● **PROBLEM TO WORK ON**: Which lines below include "cdot"? Copy them all.

● **PROVIDED RECORDS**:
-------------------------
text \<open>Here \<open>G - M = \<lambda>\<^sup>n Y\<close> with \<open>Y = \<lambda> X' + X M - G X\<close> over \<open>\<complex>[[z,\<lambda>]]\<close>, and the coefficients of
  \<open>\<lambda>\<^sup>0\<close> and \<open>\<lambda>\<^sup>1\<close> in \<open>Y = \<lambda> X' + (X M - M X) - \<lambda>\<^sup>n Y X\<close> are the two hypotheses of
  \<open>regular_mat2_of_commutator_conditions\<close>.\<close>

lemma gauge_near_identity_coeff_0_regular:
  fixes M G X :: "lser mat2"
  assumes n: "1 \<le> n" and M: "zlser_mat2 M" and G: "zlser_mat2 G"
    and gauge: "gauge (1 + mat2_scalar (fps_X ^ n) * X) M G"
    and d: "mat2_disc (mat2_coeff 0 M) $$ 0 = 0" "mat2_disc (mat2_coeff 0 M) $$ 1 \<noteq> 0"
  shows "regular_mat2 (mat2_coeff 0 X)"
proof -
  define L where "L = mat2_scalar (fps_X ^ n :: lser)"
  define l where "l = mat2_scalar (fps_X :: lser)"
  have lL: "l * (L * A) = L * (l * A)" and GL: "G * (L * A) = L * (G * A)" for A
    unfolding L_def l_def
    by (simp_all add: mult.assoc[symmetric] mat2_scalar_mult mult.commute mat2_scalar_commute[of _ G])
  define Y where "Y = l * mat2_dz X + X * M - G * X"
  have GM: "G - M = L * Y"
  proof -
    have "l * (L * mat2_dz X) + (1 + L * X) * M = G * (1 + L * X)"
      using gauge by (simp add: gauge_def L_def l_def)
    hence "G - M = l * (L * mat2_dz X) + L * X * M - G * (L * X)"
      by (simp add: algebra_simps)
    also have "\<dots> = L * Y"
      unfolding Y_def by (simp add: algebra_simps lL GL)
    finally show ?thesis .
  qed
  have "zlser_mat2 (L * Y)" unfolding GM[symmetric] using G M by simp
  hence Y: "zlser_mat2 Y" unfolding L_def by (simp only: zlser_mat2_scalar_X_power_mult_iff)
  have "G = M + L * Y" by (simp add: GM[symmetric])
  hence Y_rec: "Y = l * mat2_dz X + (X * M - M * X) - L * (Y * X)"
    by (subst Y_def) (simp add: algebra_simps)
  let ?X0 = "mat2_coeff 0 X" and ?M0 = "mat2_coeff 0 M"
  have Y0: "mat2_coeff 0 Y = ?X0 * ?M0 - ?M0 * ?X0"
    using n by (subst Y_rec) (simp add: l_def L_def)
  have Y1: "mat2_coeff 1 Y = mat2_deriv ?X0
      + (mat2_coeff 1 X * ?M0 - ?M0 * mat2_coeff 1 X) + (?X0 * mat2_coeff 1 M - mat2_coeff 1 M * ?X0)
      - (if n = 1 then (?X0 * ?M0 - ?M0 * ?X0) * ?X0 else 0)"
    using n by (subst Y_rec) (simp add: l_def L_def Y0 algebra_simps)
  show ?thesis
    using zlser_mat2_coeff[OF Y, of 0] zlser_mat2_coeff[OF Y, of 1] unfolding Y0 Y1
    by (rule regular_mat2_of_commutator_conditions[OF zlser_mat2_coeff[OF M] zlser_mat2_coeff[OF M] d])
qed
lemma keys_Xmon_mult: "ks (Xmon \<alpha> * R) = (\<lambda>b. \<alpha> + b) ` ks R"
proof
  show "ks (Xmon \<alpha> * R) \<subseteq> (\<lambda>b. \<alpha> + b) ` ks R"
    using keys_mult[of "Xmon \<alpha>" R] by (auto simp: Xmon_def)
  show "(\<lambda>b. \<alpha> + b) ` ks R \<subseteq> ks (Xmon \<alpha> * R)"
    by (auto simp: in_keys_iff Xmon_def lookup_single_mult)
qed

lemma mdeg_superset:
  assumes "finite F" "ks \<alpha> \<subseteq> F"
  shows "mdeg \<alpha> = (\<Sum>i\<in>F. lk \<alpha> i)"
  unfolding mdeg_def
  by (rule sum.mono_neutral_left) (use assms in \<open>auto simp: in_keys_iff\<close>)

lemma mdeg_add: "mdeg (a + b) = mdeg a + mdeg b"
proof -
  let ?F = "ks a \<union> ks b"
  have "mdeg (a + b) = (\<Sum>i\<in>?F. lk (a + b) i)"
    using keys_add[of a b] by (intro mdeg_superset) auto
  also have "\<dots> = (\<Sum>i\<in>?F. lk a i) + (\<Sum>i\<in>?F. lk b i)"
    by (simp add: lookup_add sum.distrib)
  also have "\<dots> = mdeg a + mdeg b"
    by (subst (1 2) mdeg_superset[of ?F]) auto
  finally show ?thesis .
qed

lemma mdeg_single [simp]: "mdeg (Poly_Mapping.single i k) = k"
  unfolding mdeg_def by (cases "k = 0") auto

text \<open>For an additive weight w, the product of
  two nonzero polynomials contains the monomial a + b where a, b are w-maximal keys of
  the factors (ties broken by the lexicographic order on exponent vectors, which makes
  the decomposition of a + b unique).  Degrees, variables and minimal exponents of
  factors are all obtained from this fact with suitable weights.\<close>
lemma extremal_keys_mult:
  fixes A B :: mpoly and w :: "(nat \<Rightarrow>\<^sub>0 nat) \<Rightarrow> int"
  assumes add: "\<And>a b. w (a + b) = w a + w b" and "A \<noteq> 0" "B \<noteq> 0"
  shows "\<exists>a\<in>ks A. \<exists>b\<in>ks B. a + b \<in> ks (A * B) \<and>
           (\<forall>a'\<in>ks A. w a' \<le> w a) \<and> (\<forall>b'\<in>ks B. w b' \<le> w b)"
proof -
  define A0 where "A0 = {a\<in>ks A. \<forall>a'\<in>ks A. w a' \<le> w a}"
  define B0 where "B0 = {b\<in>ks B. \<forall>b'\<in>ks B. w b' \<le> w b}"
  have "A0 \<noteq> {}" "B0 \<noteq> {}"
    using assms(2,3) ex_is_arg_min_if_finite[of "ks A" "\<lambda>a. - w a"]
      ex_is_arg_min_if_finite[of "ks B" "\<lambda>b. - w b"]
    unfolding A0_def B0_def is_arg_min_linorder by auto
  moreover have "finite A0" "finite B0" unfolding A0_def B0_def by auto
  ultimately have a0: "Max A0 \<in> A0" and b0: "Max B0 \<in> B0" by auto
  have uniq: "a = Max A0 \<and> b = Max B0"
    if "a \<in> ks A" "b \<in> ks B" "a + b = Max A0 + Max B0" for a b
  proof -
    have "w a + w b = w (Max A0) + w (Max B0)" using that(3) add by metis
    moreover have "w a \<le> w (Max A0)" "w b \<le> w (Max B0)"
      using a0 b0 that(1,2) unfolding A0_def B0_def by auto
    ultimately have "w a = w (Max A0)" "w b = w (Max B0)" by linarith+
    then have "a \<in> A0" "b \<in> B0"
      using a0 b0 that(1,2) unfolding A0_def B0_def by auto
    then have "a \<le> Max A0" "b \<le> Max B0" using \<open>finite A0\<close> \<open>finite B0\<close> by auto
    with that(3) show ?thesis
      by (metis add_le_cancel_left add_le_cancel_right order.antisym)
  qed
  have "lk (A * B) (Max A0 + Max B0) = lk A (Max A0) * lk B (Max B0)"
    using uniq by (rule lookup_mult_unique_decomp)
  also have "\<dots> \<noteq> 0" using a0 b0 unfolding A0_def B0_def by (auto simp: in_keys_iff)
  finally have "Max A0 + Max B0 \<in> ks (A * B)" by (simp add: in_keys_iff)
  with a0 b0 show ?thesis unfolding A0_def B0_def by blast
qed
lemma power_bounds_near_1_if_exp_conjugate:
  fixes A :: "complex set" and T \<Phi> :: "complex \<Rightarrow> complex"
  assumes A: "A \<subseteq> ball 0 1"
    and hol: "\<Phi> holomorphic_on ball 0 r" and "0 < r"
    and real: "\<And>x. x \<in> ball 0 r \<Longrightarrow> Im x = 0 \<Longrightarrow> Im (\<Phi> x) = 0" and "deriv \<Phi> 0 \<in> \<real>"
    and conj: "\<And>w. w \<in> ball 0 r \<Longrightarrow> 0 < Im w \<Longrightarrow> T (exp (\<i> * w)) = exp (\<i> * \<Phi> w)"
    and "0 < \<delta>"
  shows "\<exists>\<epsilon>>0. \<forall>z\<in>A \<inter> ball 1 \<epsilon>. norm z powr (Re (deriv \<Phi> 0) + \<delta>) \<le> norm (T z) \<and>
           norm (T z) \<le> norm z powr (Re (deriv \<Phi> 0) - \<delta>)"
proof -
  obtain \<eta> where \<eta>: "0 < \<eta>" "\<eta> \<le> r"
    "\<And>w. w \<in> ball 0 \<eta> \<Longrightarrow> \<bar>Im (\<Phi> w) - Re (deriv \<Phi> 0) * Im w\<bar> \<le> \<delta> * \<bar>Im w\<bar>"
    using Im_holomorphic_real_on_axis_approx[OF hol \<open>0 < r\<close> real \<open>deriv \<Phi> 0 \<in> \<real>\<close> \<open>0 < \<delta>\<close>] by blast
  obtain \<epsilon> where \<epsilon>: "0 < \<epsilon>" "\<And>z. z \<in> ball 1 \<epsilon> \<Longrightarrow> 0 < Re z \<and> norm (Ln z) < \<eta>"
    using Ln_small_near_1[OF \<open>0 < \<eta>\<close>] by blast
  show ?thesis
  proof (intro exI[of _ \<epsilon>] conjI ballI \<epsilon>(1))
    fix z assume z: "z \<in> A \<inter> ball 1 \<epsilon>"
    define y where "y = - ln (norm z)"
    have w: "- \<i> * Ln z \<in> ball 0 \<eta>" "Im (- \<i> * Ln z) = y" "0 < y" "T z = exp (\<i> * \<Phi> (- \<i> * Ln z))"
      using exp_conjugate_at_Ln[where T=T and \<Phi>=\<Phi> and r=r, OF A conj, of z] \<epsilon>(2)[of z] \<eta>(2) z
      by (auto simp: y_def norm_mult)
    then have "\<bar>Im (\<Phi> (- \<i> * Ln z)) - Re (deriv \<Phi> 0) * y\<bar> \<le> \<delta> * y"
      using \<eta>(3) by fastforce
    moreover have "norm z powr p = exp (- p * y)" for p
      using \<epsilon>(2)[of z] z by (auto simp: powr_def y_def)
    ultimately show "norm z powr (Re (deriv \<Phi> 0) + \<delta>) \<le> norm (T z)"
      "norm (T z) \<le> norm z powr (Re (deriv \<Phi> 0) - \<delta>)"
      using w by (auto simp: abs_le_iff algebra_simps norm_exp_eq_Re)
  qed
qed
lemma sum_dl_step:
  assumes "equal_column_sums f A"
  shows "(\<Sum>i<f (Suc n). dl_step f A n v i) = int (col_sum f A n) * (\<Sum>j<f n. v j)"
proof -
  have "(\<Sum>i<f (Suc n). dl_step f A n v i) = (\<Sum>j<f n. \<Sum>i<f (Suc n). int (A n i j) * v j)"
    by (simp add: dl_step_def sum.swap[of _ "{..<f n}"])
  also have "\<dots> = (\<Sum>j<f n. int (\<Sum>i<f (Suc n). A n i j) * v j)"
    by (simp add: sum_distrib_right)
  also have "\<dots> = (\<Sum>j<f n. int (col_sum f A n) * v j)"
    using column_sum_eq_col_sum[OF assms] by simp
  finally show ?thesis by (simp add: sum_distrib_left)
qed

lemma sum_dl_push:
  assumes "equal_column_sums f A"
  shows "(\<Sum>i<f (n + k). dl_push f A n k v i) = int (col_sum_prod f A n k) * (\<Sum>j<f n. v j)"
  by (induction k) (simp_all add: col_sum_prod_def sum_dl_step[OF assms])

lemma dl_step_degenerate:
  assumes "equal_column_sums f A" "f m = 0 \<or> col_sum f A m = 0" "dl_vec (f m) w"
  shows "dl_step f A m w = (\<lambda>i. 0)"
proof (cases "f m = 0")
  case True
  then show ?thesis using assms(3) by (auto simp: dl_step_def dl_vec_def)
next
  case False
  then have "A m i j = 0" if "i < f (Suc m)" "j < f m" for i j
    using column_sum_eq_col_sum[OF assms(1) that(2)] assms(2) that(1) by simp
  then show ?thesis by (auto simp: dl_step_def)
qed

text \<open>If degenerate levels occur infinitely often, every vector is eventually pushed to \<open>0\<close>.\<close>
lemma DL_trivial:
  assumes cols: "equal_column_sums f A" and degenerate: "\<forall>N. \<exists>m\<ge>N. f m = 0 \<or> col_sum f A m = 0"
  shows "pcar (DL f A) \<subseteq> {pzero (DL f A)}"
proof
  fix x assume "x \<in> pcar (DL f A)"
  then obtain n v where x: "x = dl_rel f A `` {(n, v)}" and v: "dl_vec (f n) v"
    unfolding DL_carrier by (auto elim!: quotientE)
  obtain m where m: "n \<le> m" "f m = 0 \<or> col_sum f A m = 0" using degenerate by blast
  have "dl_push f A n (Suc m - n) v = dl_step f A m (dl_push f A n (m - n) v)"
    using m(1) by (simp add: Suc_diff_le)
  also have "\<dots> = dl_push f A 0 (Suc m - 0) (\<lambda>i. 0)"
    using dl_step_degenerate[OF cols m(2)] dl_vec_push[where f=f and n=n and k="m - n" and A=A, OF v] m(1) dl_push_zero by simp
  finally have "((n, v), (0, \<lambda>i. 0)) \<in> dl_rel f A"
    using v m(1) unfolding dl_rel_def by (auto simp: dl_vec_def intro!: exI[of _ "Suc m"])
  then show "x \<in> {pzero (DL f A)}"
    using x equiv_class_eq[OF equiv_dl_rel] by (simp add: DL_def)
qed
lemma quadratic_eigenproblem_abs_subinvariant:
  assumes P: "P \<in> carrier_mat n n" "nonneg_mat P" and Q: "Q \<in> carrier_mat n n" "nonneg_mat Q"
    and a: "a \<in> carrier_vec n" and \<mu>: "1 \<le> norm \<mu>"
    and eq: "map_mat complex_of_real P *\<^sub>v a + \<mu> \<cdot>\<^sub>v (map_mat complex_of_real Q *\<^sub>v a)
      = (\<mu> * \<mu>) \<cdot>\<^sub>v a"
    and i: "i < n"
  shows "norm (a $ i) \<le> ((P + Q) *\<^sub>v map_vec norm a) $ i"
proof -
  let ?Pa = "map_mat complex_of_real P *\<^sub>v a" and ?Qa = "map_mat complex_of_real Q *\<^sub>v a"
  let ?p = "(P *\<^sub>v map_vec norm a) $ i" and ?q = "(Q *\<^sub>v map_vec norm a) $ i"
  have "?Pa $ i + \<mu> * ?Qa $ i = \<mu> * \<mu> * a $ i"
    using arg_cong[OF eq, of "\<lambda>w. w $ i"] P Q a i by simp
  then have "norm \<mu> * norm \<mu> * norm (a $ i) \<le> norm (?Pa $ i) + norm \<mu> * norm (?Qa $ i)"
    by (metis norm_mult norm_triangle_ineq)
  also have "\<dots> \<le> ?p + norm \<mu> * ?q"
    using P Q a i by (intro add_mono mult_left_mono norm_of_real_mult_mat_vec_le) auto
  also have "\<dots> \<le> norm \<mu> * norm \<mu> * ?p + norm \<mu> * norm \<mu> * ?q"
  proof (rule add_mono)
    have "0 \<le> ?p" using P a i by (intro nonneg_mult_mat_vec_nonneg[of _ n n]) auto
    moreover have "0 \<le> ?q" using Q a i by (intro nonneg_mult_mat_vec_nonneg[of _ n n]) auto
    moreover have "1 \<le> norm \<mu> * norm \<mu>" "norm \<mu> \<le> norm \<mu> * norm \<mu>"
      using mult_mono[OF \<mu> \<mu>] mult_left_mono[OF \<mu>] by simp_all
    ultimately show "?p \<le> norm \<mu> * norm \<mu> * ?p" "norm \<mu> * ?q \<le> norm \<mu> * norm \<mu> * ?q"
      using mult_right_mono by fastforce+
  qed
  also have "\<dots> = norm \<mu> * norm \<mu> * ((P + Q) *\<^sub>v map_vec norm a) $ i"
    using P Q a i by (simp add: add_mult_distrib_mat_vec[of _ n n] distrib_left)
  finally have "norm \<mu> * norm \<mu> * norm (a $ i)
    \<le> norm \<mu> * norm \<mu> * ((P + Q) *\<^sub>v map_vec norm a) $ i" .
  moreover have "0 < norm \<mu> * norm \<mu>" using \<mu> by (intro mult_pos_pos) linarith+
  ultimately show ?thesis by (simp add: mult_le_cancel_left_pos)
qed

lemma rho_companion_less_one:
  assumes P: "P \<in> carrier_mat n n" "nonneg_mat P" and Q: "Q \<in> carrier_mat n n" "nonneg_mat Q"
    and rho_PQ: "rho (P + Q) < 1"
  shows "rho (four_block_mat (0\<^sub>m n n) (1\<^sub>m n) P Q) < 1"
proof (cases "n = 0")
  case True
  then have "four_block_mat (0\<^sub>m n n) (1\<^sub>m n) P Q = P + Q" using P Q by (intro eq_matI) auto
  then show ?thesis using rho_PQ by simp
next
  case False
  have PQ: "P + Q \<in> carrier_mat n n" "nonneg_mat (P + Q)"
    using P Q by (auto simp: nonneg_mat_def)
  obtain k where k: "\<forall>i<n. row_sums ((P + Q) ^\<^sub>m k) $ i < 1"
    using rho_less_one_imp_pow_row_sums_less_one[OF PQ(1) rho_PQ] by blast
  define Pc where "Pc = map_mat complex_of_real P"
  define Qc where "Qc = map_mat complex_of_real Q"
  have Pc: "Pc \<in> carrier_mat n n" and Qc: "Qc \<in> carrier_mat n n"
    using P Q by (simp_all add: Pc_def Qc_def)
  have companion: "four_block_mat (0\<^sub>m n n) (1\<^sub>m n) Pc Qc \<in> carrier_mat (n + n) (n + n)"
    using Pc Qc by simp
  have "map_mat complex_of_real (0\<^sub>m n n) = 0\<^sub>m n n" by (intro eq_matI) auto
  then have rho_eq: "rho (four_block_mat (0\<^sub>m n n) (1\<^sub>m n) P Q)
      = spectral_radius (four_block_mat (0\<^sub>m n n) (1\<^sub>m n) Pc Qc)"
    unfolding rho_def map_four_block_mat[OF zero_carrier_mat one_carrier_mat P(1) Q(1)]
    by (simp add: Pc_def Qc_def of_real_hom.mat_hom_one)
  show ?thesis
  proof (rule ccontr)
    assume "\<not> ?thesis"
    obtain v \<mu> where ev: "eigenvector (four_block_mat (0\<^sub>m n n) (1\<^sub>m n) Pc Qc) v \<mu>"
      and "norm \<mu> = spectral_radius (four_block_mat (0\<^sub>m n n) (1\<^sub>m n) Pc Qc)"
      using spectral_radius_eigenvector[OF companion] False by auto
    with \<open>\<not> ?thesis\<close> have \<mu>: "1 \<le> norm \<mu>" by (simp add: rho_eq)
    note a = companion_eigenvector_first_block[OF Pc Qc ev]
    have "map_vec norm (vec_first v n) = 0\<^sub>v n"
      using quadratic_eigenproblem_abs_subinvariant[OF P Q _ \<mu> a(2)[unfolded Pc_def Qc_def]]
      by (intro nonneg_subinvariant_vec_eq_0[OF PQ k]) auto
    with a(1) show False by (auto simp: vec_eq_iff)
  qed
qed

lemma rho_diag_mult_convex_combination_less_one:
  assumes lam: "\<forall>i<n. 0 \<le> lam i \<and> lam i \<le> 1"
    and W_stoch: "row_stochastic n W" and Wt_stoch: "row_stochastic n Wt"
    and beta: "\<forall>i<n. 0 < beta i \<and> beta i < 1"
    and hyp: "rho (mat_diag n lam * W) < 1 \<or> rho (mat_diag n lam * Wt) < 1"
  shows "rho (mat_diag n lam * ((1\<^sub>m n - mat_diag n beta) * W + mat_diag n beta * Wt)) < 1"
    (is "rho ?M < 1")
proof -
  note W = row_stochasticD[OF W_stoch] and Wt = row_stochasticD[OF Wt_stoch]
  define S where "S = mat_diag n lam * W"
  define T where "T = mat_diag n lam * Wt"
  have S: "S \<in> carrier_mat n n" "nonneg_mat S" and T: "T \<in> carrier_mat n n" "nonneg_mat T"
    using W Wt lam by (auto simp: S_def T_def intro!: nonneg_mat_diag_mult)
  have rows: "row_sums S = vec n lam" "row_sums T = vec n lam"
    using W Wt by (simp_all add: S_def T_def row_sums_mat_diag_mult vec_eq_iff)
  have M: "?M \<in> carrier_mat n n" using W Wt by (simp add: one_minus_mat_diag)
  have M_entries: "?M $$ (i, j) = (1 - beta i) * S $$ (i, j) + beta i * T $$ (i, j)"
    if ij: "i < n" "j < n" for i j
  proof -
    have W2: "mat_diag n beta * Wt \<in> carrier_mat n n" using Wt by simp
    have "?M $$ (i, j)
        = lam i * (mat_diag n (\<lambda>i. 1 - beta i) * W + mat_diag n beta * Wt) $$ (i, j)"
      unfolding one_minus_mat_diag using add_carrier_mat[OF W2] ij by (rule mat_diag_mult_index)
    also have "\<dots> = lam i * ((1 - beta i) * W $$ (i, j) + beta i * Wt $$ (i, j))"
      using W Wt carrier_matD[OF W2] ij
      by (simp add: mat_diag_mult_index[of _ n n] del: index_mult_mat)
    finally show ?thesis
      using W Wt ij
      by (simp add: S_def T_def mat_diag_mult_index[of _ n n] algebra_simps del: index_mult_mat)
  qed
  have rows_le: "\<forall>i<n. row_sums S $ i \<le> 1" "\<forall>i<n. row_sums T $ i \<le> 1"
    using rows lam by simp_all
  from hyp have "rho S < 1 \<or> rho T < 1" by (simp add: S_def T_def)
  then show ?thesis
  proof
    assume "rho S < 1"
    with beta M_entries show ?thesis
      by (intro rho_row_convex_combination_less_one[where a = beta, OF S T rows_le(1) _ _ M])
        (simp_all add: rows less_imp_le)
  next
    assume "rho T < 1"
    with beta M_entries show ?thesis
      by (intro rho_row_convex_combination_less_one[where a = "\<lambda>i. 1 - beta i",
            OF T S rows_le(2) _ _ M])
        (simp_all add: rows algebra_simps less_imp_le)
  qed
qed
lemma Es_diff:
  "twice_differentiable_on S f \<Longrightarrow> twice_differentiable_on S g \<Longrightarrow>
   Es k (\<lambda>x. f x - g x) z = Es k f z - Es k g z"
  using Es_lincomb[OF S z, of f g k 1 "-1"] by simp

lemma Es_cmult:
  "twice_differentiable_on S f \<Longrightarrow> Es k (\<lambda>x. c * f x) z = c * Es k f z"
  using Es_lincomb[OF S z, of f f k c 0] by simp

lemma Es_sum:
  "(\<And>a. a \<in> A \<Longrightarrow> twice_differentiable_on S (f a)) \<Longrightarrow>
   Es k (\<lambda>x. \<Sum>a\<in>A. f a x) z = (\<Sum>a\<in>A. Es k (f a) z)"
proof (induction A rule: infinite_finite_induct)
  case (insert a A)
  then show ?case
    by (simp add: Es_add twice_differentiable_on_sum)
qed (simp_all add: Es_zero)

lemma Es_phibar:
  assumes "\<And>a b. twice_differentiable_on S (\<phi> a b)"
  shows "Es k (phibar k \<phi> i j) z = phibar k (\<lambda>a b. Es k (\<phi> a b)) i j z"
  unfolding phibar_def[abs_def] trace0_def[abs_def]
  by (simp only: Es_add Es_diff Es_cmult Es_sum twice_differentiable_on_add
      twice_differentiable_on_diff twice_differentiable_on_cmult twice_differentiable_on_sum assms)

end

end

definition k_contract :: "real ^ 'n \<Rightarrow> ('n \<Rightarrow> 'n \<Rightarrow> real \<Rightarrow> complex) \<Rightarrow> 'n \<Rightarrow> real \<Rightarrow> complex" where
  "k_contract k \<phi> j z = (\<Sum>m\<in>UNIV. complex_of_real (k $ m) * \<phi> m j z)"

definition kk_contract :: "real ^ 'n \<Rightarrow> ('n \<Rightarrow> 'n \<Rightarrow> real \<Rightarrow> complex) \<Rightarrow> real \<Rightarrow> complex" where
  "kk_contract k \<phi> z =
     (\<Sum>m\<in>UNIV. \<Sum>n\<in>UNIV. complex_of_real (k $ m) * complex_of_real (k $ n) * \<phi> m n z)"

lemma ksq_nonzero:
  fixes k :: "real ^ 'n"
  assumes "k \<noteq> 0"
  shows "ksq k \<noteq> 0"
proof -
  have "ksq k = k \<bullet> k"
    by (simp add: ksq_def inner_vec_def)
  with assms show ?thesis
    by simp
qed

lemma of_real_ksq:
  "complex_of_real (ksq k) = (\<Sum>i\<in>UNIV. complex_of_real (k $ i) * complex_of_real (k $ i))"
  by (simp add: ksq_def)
-------------------------
● **TASK OUTPUT**:
    and eq: "map_mat complex_of_real P *\<^sub>v a + \<mu> \<cdot>\<^sub>v (map_mat complex_of_real Q *\<^sub>v a)
      = (\<mu> * \<mu>) \<cdot>\<^sub>v a"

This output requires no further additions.